The house in the centre of the frame was in focus. But there was something in the foreground of the picture. A pool. Although it was blurred. Danyl could see that it was small and round, sunken into the ground and edged by mossy paving stones. The water had an odd blue tinge to it. He'd seen the picture before, many times, but he'd never noticed the pool before.

‘Goodnight, Danyl.' There was a click as Verity turned out the light. The picture vanished.

But Danyl still thought about it. There was something else about the picture, something odd, and just before he fell asleep again he realised what it was. The picture was from Verity exhibition of Te Aro photographs, yet he'd never seen that house or those ruined buildings anywhere in the valley. He couldn't even imagine where they'd be.

He lay in the darkness of the blocked stormwater drain, his warmth and life bleeding out of him. He was almost completely numb now. His only physical sensation was the pain in his head from knocking it on the wooden beam.

And soon that would be gone. All he needed to do was lie there: to sink into the mud and dissolve into nothing. That was the smart move. After all, what was the point of doing anything else? All these thoughts came from a voice inside his mind, a voice he'd always thought of as himself—but now that he lay in the mud, remembering, close to death, he realised it was the voice of his sickness. The depression. Unmedicated Danyl. It came into his life two years ago: it spoke to him and through him that night when he lay on the floor, bleeding. It went away when he went on the antidepressants, and in the last few days it had returned. Danyl's brain had been buzzing at him and he'd ignored it but—he realised now—the buzzing wasn't the sickness, but rather his brain trying to warn him against its approach. And he'd ignored his brain, mocked it—and now the sickness was triumphant. It had lured Danyl down here into the mud and darkness. It had manipulated his thoughts and led him here to die, and now it spread its wings above him, casting all his thoughts into shadow. It had won.

Danyl accepted this without bitterness. Without regret. Without pain. He was beyond that. Soon even the pain in his head would be gone.

Although it was odd, wasn't it? Why was there a wooden beam overhead for Danyl to hit his head on? Wasn't he encased in concrete? And why was he lying in mud and not water? He thought about this, knowing that these thoughts might be his last. Was the beam above him like the plank in the accessway? A makeshift bridge? If it was a bridge, what did it connect with? Entrances and exits from the tunnel?

It doesn't matter, the sickness replied, soothing, calm. Lie down. Be at peace.

But Danyl was curious. Groaning, he pulled himself out of the mud. He could stand. He wasn't in a drain anymore but some sort of tall, narrow maintenance area, probably for clearing away the debris lodged against the bars. He clawed his way up the wall and gripped the plank and pulled himself onto it. After a few seconds of agonised fumbling, he found the wall, the ledge the plank rested on, and the bottom of a flight of steps.

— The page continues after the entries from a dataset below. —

(* Let $A$ be a unital $C^*$-algebra and let $a,b\in A$ be self-adjoint. Then $a=b$ if and only if $\rho(a,b)=0$.
   Context: For $a,b\in A$ and $n\geq 0$ put $C_{a,b}^n\mathbf 1=\sum_{k=0}^n(-1)^k\binom{n}{k}a^{n-k}b^k$ (with $a^0=b^0=\mathbf 1$), and $\rho(a,b)=\limsup_{n\to\infty}\|C_{a,b}^n\mathbf 1\|^{1/n}$. *)

theory Defs
  imports "HOL-Analysis.Analysis"
begin

text \<open>Unital C*-algebras: a real Banach algebra with unit (norm 1 = 1), equipped with a
  complex scalar multiplication compatible with the real one, and an involution satisfying
  the C*-identity.\<close>

class cstar_algebra_1 = real_normed_algebra_1 + banach +
  fixes cscale :: "complex \<Rightarrow> 'a \<Rightarrow> 'a"
    and adj :: "'a \<Rightarrow> 'a"
  assumes cscale_of_real: "cscale (of_real r) x = scaleR r x"
    and cscale_add_left: "cscale (c + d) x = cscale c x + cscale d x"
    and cscale_add_right: "cscale c (x + y) = cscale c x + cscale c y"
    and cscale_cscale: "cscale c (cscale d x) = cscale (c * d) x"
    and cscale_mult_left: "cscale c (x * y) = cscale c x * y"
    and cscale_mult_right: "cscale c (x * y) = x * cscale c y"
    and norm_cscale: "norm (cscale c x) = cmod c * norm x"
    and adj_adj: "adj (adj x) = x"
    and adj_add: "adj (x + y) = adj x + adj y"
    and adj_cscale: "adj (cscale c x) = cscale (cnj c) (adj x)"
    and adj_mult: "adj (x * y) = adj y * adj x"
    and cstar_identity: "norm (adj x * x) = (norm x)\<^sup>2"

definition selfadjoint :: "'a::cstar_algebra_1 \<Rightarrow> bool" where
  "selfadjoint a \<longleftrightarrow> adj a = a"

definition Cpow :: "'a::cstar_algebra_1 \<Rightarrow> 'a \<Rightarrow> nat \<Rightarrow> 'a" where
  "Cpow a b n = (\<Sum>k\<le>n. ((-1) ^ k * of_nat (n choose k)) * a ^ (n - k) * b ^ k)"
text \<open>Contract the defining identity with the inverse metric over the slot pairs (1,4) and
  (2,3).  Since the Levi-Civita connection is metric, the Christoffel terms of \<open>\<nabla>\<^sub>a R\<close>
  contract to exactly the derivatives of the inverse metric, so the left-hand side becomes
  \<open>\<partial>\<^sub>a \<kappa>\<close>.  On the right-hand side \<open>R\<close>, \<open>S \<and> S\<close>, \<open>g \<and> S\<close> and \<open>g \<and> g\<close> contract to
  \<open>\<kappa>\<close>, \<open>2(\<kappa>\<^sup>2 - \<kappa>\<^sup>(\<^sup>2\<^sup>))\<close>, \<open>2(n - 1)\<kappa>\<close> and \<open>2n(n - 1)\<close>.\<close>

section \<open>Contractions with a bilinear form\<close>

definition trace2 :: "('n::finite \<Rightarrow> 'n \<Rightarrow> real) \<Rightarrow> ('n \<Rightarrow> 'n \<Rightarrow> real) \<Rightarrow> real" where
  "trace2 g A = (\<Sum>c\<in>UNIV. \<Sum>d\<in>UNIV. g c d * A c d)"

text \<open>Slots 1,4 are contracted first and then slots 2,3, in the order in which \<open>Ric\<close> and
  \<open>scal\<close> contract \<open>Curv\<close>.\<close>
definition trace4 :: "('n::finite \<Rightarrow> 'n \<Rightarrow> real) \<Rightarrow> ('n \<Rightarrow> 'n \<Rightarrow> 'n \<Rightarrow> 'n \<Rightarrow> real) \<Rightarrow> real" where
  "trace4 g F = (\<Sum>c\<in>UNIV. \<Sum>d\<in>UNIV. g c d * (\<Sum>b\<in>UNIV. \<Sum>e\<in>UNIV. g b e * F b c d e))"

lemma trace4_add: "trace4 g (\<lambda>b c d e. F b c d e + F' b c d e) = trace4 g F + trace4 g F'"
  unfolding trace4_def by (simp add: distrib_left sum.distrib)

lemma trace4_diff: "trace4 g (\<lambda>b c d e. F b c d e - F' b c d e) = trace4 g F - trace4 g F'"
  unfolding trace4_def by (simp add: right_diff_distrib sum_subtractf)

lemma trace4_scale: "trace4 g (\<lambda>b c d e. k * F b c d e) = k * trace4 g F"
  unfolding trace4_def by (simp add: sum_distrib_left mult_ac)
(* Let $(S,\mathcal C)$ be a connectoid and $T$ a rooted undirected tree with $V(T)\subseteq S$. Then $T$ is a weak normal tree of $(S,\mathcal C)$ if and only if $K_t^T\cap V(T)=\mathrm{Up}_T(t)$ for every $t\in V(T)$. Furthermore, if $T$ is a weak normal tree with $V(T)=S$, then $K_t^T=\mathrm{Up}_T(t)$ for every $t\in V(T)$.
   Context: A connectoid is given by a set $S$ and a set $\mathcal F$ of finite subsets of $S$ such that (i) $F\cup F'\in\mathcal F$ whenever $F,F'\in\mathcal F$ and $F\cap F'\neq\emptyset$, and (ii) $\emptyset\in\mathcal F$ and $\{s\}\in\mathcal F$ for every $s\in S$. A set $C\subseteq S$ is connected if for all $x,y\in C$ there is $F\in\mathcal F$ with $F\subseteq C$ and $x,y\in F$; $\mathcal C$ is the set of connected sets. For $S'\subseteq S$, a component of $S'$ is a maximal connected subset of $S'$, and $\mathcal K(S')$ is the set of components of $S'$. For a rooted tree $T$ with tree order $\le_T$ (root is the minimum) and $t\in V(T)$: $\mathrm{Up}_T(t)=\{x\in V(T):t\le_T x\}$, $\mathrm{Down}^\circ_T(t)=\{x\in V(T):x<_T t\}$, and $K_t^T$ denotes the element of $\mathcal K(S\setminus\mathrm{Down}^\circ_T(t))$ containing $t$. A weak normal tree of $(S,\mathcal C)$ is a rooted undirected tree $T$ with $V(T)\subseteq S$ such that (1) for every $C\in\mathcal C$ and every two $\le_T$-incomparable $u,v\in C\cap V(T)$ there is $w\in C$ with $w\le_T u$ and $w\le_T v$, and (2) for all $u\le_T v$ in $V(T)$ there is $C\in\mathcal C$ containing $u$ and $v$ with $C\cap\mathrm{Down}^\circ_T(u)=\emptyset$. *)

theory Defs
  imports Main
begin

definition connectoid :: "'a set \<Rightarrow> 'a set set \<Rightarrow> bool" where
  "connectoid S \<F> \<longleftrightarrow>
     (\<forall>F\<in>\<F>. finite F \<and> F \<subseteq> S) \<and>
     (\<forall>F\<in>\<F>. \<forall>F'\<in>\<F>. F \<inter> F' \<noteq> {} \<longrightarrow> F \<union> F' \<in> \<F>) \<and>
     {} \<in> \<F> \<and> (\<forall>s\<in>S. {s} \<in> \<F>)"

text \<open>Connected sets of the connectoid (the set \<open>\<C>\<close>).\<close>
definition conn_set :: "'a set \<Rightarrow> 'a set set \<Rightarrow> 'a set \<Rightarrow> bool" where
  "conn_set S \<F> C \<longleftrightarrow> C \<subseteq> S \<and>
     (\<forall>x\<in>C. \<forall>y\<in>C. \<exists>F\<in>\<F>. F \<subseteq> C \<and> x \<in> F \<and> y \<in> F)"

definition components_of :: "'a set \<Rightarrow> 'a set set \<Rightarrow> 'a set \<Rightarrow> 'a set set" where
  "components_of S \<F> S' = {K. K \<subseteq> S' \<and> conn_set S \<F> K \<and>
       (\<forall>K'. K \<subseteq> K' \<and> K' \<subseteq> S' \<and> conn_set S \<F> K' \<longrightarrow> K' = K)}"

definition comp_containing :: "'a set \<Rightarrow> 'a set set \<Rightarrow> 'a set \<Rightarrow> 'a \<Rightarrow> 'a set" where
  "comp_containing S \<F> S' t = (THE K. K \<in> components_of S \<F> S' \<and> t \<in> K)"

definition is_graph :: "'a set \<Rightarrow> 'a set set \<Rightarrow> bool" where
  "is_graph V E \<longleftrightarrow> (\<forall>e\<in>E. \<exists>u v. e = {u, v} \<and> u \<noteq> v \<and> u \<in> V \<and> v \<in> V)"

definition is_path :: "'a set \<Rightarrow> 'a set set \<Rightarrow> 'a \<Rightarrow> 'a \<Rightarrow> 'a list \<Rightarrow> bool" where
  "is_path V E x y p \<longleftrightarrow> p \<noteq> [] \<and> hd p = x \<and> last p = y \<and> distinct p \<and> set p \<subseteq> V \<and>
     (\<forall>i. Suc i < length p \<longrightarrow> {p ! i, p ! Suc i} \<in> E)"

definition is_cycle :: "'a set \<Rightarrow> 'a set set \<Rightarrow> 'a list \<Rightarrow> bool" where
  "is_cycle V E c \<longleftrightarrow> length c \<ge> 3 \<and> distinct c \<and> set c \<subseteq> V \<and>
     (\<forall>i. Suc i < length c \<longrightarrow> {c ! i, c ! Suc i} \<in> E) \<and> {last c, hd c} \<in> E"

definition is_tree :: "'a set \<Rightarrow> 'a set set \<Rightarrow> bool" where
  "is_tree V E \<longleftrightarrow> is_graph V E \<and> V \<noteq> {} \<and>
     (\<forall>x\<in>V. \<forall>y\<in>V. \<exists>p. is_path V E x y p) \<and> (\<nexists>c. is_cycle V E c)"

definition rooted_tree :: "'a set \<Rightarrow> 'a set set \<Rightarrow> 'a \<Rightarrow> bool" where
  "rooted_tree V E r \<longleftrightarrow> is_tree V E \<and> r \<in> V"

definition tree_le :: "'a set \<Rightarrow> 'a set set \<Rightarrow> 'a \<Rightarrow> 'a \<Rightarrow> 'a \<Rightarrow> bool" where
  "tree_le V E r x y \<longleftrightarrow> (\<exists>p. is_path V E r y p \<and> x \<in> set p)"

definition Up :: "'a set \<Rightarrow> 'a set set \<Rightarrow> 'a \<Rightarrow> 'a \<Rightarrow> 'a set" where
  "Up V E r t = {x\<in>V. tree_le V E r t x}"

definition Down_strict :: "'a set \<Rightarrow> 'a set set \<Rightarrow> 'a \<Rightarrow> 'a \<Rightarrow> 'a set" where
  "Down_strict V E r t = {x\<in>V. tree_le V E r x t \<and> x \<noteq> t}"

definition K_T :: "'a set \<Rightarrow> 'a set set \<Rightarrow> 'a set \<Rightarrow> 'a set set \<Rightarrow> 'a \<Rightarrow> 'a \<Rightarrow> 'a set" where
  "K_T S \<F> V E r t = comp_containing S \<F> (S - Down_strict V E r t) t"

definition weak_normal_tree :: "'a set \<Rightarrow> 'a set set \<Rightarrow> 'a set \<Rightarrow> 'a set set \<Rightarrow> 'a \<Rightarrow> bool" where
  "weak_normal_tree S \<F> V E r \<longleftrightarrow>
     rooted_tree V E r \<and> V \<subseteq> S \<and>
     (\<forall>C. conn_set S \<F> C \<longrightarrow>
        (\<forall>u\<in>C \<inter> V. \<forall>v\<in>C \<inter> V.
           \<not> tree_le V E r u v \<and> \<not> tree_le V E r v u \<longrightarrow>
           (\<exists>w\<in>C. tree_le V E r w u \<and> tree_le V E r w v))) \<and>
     (\<forall>u\<in>V. \<forall>v\<in>V. tree_le V E r u v \<longrightarrow>
        (\<exists>C. conn_set S \<F> C \<and> u \<in> C \<and> v \<in> C \<and> C \<inter> Down_strict V E r u = {}))"

end

theory Submission
  imports Defs
begin

text \<open>
  For \<open>t \<le>\<^sub>T x\<close> a witness of condition (2) is a connected set avoiding \<open>Down\<degree>(t)\<close> and containing
  \<open>t, x\<close>, so it lies in \<open>K\<^sub>t\<close>; conversely, a vertex of \<open>K\<^sub>t\<close> cannot lie strictly below \<open>t\<close>, and if
  it were incomparable with \<open>t\<close>, condition (1) applied to the connected set \<open>K\<^sub>t\<close> would yield a
  common lower bound in \<open>K\<^sub>t\<close>, which can only be \<open>t\<close> itself.
  For the converse, given a connected set \<open>C\<close> meeting \<open>V\<close> in \<open>u\<close>, let \<open>w\<close> be the first vertex of
  \<open>C\<close> on the root path to \<open>u\<close>. Then \<open>C\<close> avoids \<open>Down\<degree>(w)\<close> and meets \<open>K\<^sub>w\<close> in \<open>u \<in> Up(w)\<close>, so
  \<open>C \<subseteq> K\<^sub>w\<close> by maximality, and \<open>C \<inter> V \<subseteq> Up(w)\<close> gives condition (1); condition (2) is witnessed
  by \<open>K\<^sub>u\<close> itself. The tree-theoretic input is that root paths are unique, which is what makes
  \<open>\<le>\<^sub>T\<close> readable off any single root path.
\<close>

fun walk :: "'a set set \<Rightarrow> 'a list \<Rightarrow> bool" where
  "walk E [] = True"
| "walk E [x] = True"
| "walk E (x # y # xs) \<longleftrightarrow> {x, y} \<in> E \<and> walk E (y # xs)"

lemma walk_iff_nth: "walk E p \<longleftrightarrow> (\<forall>i. Suc i < length p \<longrightarrow> {p ! i, p ! Suc i} \<in> E)"
proof (induction E p rule: walk.induct)
  case (3 E x y xs)
  then show ?case
    by (auto simp: nth_Cons' less_Suc_eq_0_disj)
qed auto

lemma walk_Cons: "walk E (x # xs) \<longleftrightarrow> walk E xs \<and> (xs \<noteq> [] \<longrightarrow> {x, hd xs} \<in> E)"
  by (cases xs) auto

lemma walk_append:
  "walk E (xs @ ys) \<longleftrightarrow> walk E xs \<and> walk E ys \<and> (xs \<noteq> [] \<longrightarrow> ys \<noteq> [] \<longrightarrow> {last xs, hd ys} \<in> E)"
  by (induction xs) (auto simp: walk_Cons)

lemma walk_rev: "walk E (rev xs) \<longleftrightarrow> walk E xs"
  by (induction xs) (auto simp: walk_append walk_Cons last_rev insert_commute)

lemma is_path_iff_walk:
  "is_path V E x y p \<longleftrightarrow> p \<noteq> [] \<and> hd p = x \<and> last p = y \<and> distinct p \<and> set p \<subseteq> V \<and> walk E p"
  by (simp add: is_path_def walk_iff_nth)

lemma is_cycle_iff_walk:
  "is_cycle V E c \<longleftrightarrow> length c \<ge> 3 \<and> distinct c \<and> set c \<subseteq> V \<and> walk E c \<and> {last c, hd c} \<in> E"
  by (simp add: is_cycle_def walk_iff_nth)

subsection \<open>Uniqueness of paths in acyclic graphs\<close>

lemma cycle_from_paths_to_common_end:
  assumes "walk E p" "distinct p" "set p \<subseteq> V" "p \<noteq> []"
    and "walk E q" "distinct q" "set q \<subseteq> V" "q \<noteq> []"
    and "last p = last q" "hd p \<noteq> hd q"
    and "a \<in> V" "a \<notin> set p" "a \<notin> set q" "{a, hd p} \<in> E" "{a, hd q} \<in> E"
  shows "\<exists>c. is_cycle V E c"
proof -
  have "\<exists>z\<in>set p. z \<in> set q"
    using assms(4,8,9) by (metis last_in_set)
  then obtain xs z ys where p: "p = xs @ z # ys" and "z \<in> set q" and xs: "\<forall>y\<in>set xs. y \<notin> set q"
    using split_list_first_prop[of p "\<lambda>z. z \<in> set q"] by blast
  then obtain us vs where q: "q = us @ z # vs"
    by (metis split_list)
  \<comment> \<open>go from \<open>a\<close> along \<open>p\<close> to its first vertex \<open>z\<close> on \<open>q\<close>, then back along \<open>q\<close>\<close>
  define c where "c = a # xs @ z # rev us"
  have "xs \<noteq> [] \<or> us \<noteq> []"
    using assms(10) p q by auto
  then have "length c \<ge> 3"
    unfolding c_def by (auto simp: Suc_le_eq)
  moreover have "distinct c" "set c \<subseteq> V"
    using assms(2,3,6,7,11-13) p q xs unfolding c_def by auto
  moreover have "walk E c"
  proof -
    have "hd (xs @ z # rev us) = hd p"
      using p by (cases xs) auto
    then show ?thesis
      using assms(1,5,14) unfolding c_def p q
      by (auto simp: walk_append walk_Cons walk_rev hd_rev insert_commute)
  qed
  moreover have "{last c, hd c} \<in> E"
    using assms(15) unfolding c_def q by (cases us) (auto simp: last_rev insert_commute)
  ultimately show ?thesis
    by (auto simp: is_cycle_iff_walk)
qed

lemma acyclic_walk_unique:
  assumes "\<nexists>c. is_cycle V E c"
  shows "\<lbrakk>walk E p; distinct p; set p \<subseteq> V; p \<noteq> [];
          walk E q; distinct q; set q \<subseteq> V; q \<noteq> [];
          hd p = hd q; last p = last q\<rbrakk> \<Longrightarrow> p = q"
proof (induction p arbitrary: q)
  case Nil
  then show ?case by simp
next
  case (Cons a p')
  obtain q' where q: "q = a # q'"
    using Cons.prems by (cases q) auto
  show ?case
  proof (cases "p' = []")
    case True
    then have "q' = []"
      using Cons.prems q by (metis distinct.simps(2) last.simps last_in_set list.sel(1))
    then show ?thesis using True q by simp
  next
    case False
    have "q' \<noteq> []"
      using Cons.prems q False by (metis distinct.simps(2) last.simps last_in_set)
    then have "last p' = last q'"
      using Cons.prems q False by simp
    consider "hd p' = hd q'" | "hd p' \<noteq> hd q'" by blast
    then show ?thesis
    proof cases
      case 1
      then show ?thesis
        using Cons.IH[of q'] Cons.prems q False \<open>q' \<noteq> []\<close> \<open>last p' = last q'\<close>
        by (simp add: walk_Cons)
    next
      case 2
      then have "\<exists>c. is_cycle V E c"
        using cycle_from_paths_to_common_end[of E p' V q' a] Cons.prems q False \<open>q' \<noteq> []\<close>
          \<open>last p' = last q'\<close> by (simp add: walk_Cons)
      then show ?thesis using assms by blast
    qed
  qed
qed

lemma rooted_tree_path_unique:
  assumes "rooted_tree V E r" "is_path V E x y p" "is_path V E x y q"
  shows "p = q"
  using acyclic_walk_unique[of V E p q] assms
  unfolding rooted_tree_def is_tree_def by (simp add: is_path_iff_walk)

lemma tree_le_in_V:
  assumes "tree_le V E r x y"
  shows "x \<in> V" "y \<in> V"
  using assms unfolding tree_le_def is_path_def by (auto dest: last_in_set)

lemma tree_le_refl:
  assumes "rooted_tree V E r" "t \<in> V"
  shows "tree_le V E r t t"
  using assms unfolding rooted_tree_def is_tree_def tree_le_def is_path_def by (metis last_in_set)

lemma tree_le_iff_mem_root_path:
  assumes "rooted_tree V E r" "is_path V E r y p"
  shows "tree_le V E r x y \<longleftrightarrow> x \<in> set p"
  using assms rooted_tree_path_unique unfolding tree_le_def by metis

lemma ex_tree_minimal_below:
  assumes "rooted_tree V E r" "u \<in> C" "u \<in> V"
  shows "\<exists>w\<in>C. tree_le V E r w u \<and> C \<inter> Down_strict V E r w = {}"
proof -
  obtain p where p: "is_path V E r u p"
    using assms unfolding rooted_tree_def is_tree_def by blast
  then have "\<exists>z\<in>set p. z \<in> C"
    using assms(2) unfolding is_path_def by (metis last_in_set)
  then obtain ys w zs where pw: "p = ys @ w # zs" and "w \<in> C" and ys: "\<forall>y\<in>set ys. y \<notin> C"
    using split_list_first_prop[of p "\<lambda>z. z \<in> C"] by blast
  have "tree_le V E r w u"
    using p pw unfolding tree_le_def by auto
  moreover have "is_path V E r w (ys @ [w])"
  proof -
    have "hd (ys @ [w]) = r"
      using p pw unfolding is_path_def by (cases ys) auto
    then show ?thesis
      using p pw by (auto simp: is_path_iff_walk walk_append)
  qed
  then have "C \<inter> Down_strict V E r w = {}"
    using ys tree_le_iff_mem_root_path[OF assms(1)] unfolding Down_strict_def by auto
  ultimately show ?thesis
    using \<open>w \<in> C\<close> by blast
qed

lemma conn_set_singleton:
  assumes "connectoid S \<F>" "t \<in> S"
  shows "conn_set S \<F> {t}"
  using assms unfolding connectoid_def conn_set_def by blast
lemma run_step_transition:
  assumes q: "q \<in> states A" and v: "v \<in> nodes t" "v \<in> G q"
    and succ: "\<And>q' v'. run_step q v q' v' \<Longrightarrow> v' \<in> S q'"
  shows "peval (atom_sem t S v) (delta A q (label t v))"
proof (cases "kd q = Existential")
  case True
  show ?thesis
    by (rule peval_atom_sem_mono[OF finite_children_t[OF v(1)] _ existential_rank[OF q True v]])
      (use succ q in \<open>auto simp: run_step_def\<close>)
next
  case False
  show ?thesis
    by (rule peval_atom_sem_mono[OF finite_children_t[OF v(1)] _
          annotation_fixpoint[THEN iffD1, OF q v]])
      (use succ q False in \<open>auto simp: run_step_def\<close>)
qed

lemma run_step_chain_accepting:
  assumes steps: "\<And>i. run_step (qs i) (vs i) (qs (Suc i)) (vs (Suc i))"
  shows "infinite {i. qs i \<in> acc A}"
proof -
  have states: "qs i \<in> states A"
    and loop: "qs (Suc i) \<in> atom_state ` patoms (delta A (qs i) (label t (vs i)))" for i
    using steps[of i] unfolding run_step_def by blast+
  have "rank (qs (Suc i)) \<le> rank (qs i)" for i
    using loop[of i] rank_mono[OF states[of i]] by force
  then obtain N where N: "\<And>i. N \<le> i \<Longrightarrow> rank (qs i) = rank (qs N)"
    using nonincreasing_nat_eventually_const[of "\<lambda>i. rank (qs i)"] by blast
  define q where "q = qs N"
  have q: "q \<in> states A" unfolding q_def by (rule states)
  have qs_q: "qs i = q" if "N \<le> i" for i
    unfolding q_def by (rule inj_onD[OF rank_inj N[OF that] states states])
  obtain a where "a \<in> patoms (delta A q (label t (vs N)))" "atom_state a = q"
    using loop[of N] qs_q[of "Suc N"] unfolding q_def by auto
  then have "kd q \<noteq> Transient" using transient_loop_free[OF q] by blast
  moreover have "kd q \<noteq> Existential"
  proof
    assume E: "kd q = Existential"
    have "existential_rank q (vs (Suc i)) < existential_rank q (vs i)" if "N \<le> i" for i
    proof -
      have "run_step q (vs i) q (vs (Suc i))" using steps[of i] qs_q[of i] qs_q[of "Suc i"] that
        by simp
      then show ?thesis using E unfolding run_step_def by blast
    qed
    then have "\<exists>f. \<forall>i. (f (Suc i), f i) \<in> less_than"
      by (intro exI[of _ "\<lambda>i. existential_rank q (vs (N + i))"]) simp
    then show False using wf_less_than unfolding wf_iff_no_infinite_down_chain by blast
  qed
  ultimately have "q \<in> acc A" using universal_accepting[OF q] by (cases "kd q") simp_all
  then have "{N..} \<subseteq> {i. qs i \<in> acc A}" using qs_q by auto
  then show ?thesis using infinite_Ici infinite_super by blast
qed

context
  fixes r :: "('q \<times> nat list) ltree"
  assumes r_domain: "tree_domain r" and r_root: "label r [] = (init A, [])"
    and r_steps: "\<And>x q v q' v'. x \<in> nodes r \<Longrightarrow> label r x = (q, v) \<Longrightarrow>
      (\<exists>y\<in>children r x. label r y = (q', v')) \<longleftrightarrow> run_step q v q' v'"
    and root: "[] \<in> G (init A)"
begin

lemma run_step_tree_label:
  assumes "x \<in> nodes r"
  shows "label r x \<in> (SIGMA q:states A. nodes t \<inter> G q)"
  using r_domain assms
proof (rule tree_domain_induct)
  show "label r [] \<in> (SIGMA q:states A. nodes t \<inter> G q)"
    using r_root root wf sigma_tree unfolding hta_wf_def sigma_tree_def tree_domain_def by simp
  fix x y assume "x \<in> nodes r" "y \<in> children r x"
  moreover obtain q v q' v' where "label r x = (q, v)" "label r y = (q', v')" by fastforce
  ultimately have "run_step q v q' v'" and y: "label r y = (q', v')" using r_steps by blast+
  then show "label r y \<in> (SIGMA q:states A. nodes t \<inter> G q)"
    unfolding run_step_def by (auto intro: atom_in_states children_in_nodes)
qed

lemma run_step_tree_is_run: "is_run A t [] r"
  unfolding is_run_def
proof (intro conjI ballI r_domain r_root)
  fix x assume x: "x \<in> nodes r"
  obtain q v where qv: "label r x = (q, v)" by fastforce
  then have q: "q \<in> states A" and v: "v \<in> nodes t" "v \<in> G q" using run_step_tree_label[OF x] by auto
  have "peval (atom_sem t (run_succ r x) v) (delta A q (label t v))"
    using r_steps[OF x qv] by (intro run_step_transition[OF q v]) (auto simp: run_succ_def)
  then show "peval (atom_holds t r x (snd (label r x)))
    (delta A (fst (label r x)) (label t (snd (label r x))))"
    using qv v by (auto elim!: peval_mono simp: atom_holds_iff_atom_sem finite_children_t)
  show "fst (label r x) \<in> states A" "snd (label r x) \<in> nodes t" using q v qv by auto
qed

Yes, they're steps, the voice of the sickness conceded, but they are steps to nowhere. There's nothing out there. There's no escape, just a delay of the inevitable. And the voice was right. Danyl accepted that. But, inevitability aside, he did want to know where the steps led. So he crawled up them, each occasional beat of his heart like a hammer-blow to his chest. Each narrow stone step that he collapsed on felt as if it would be his last, yet somehow he continued on. After an unknown length of time, he realised he could see his hands. The darkness was no longer total.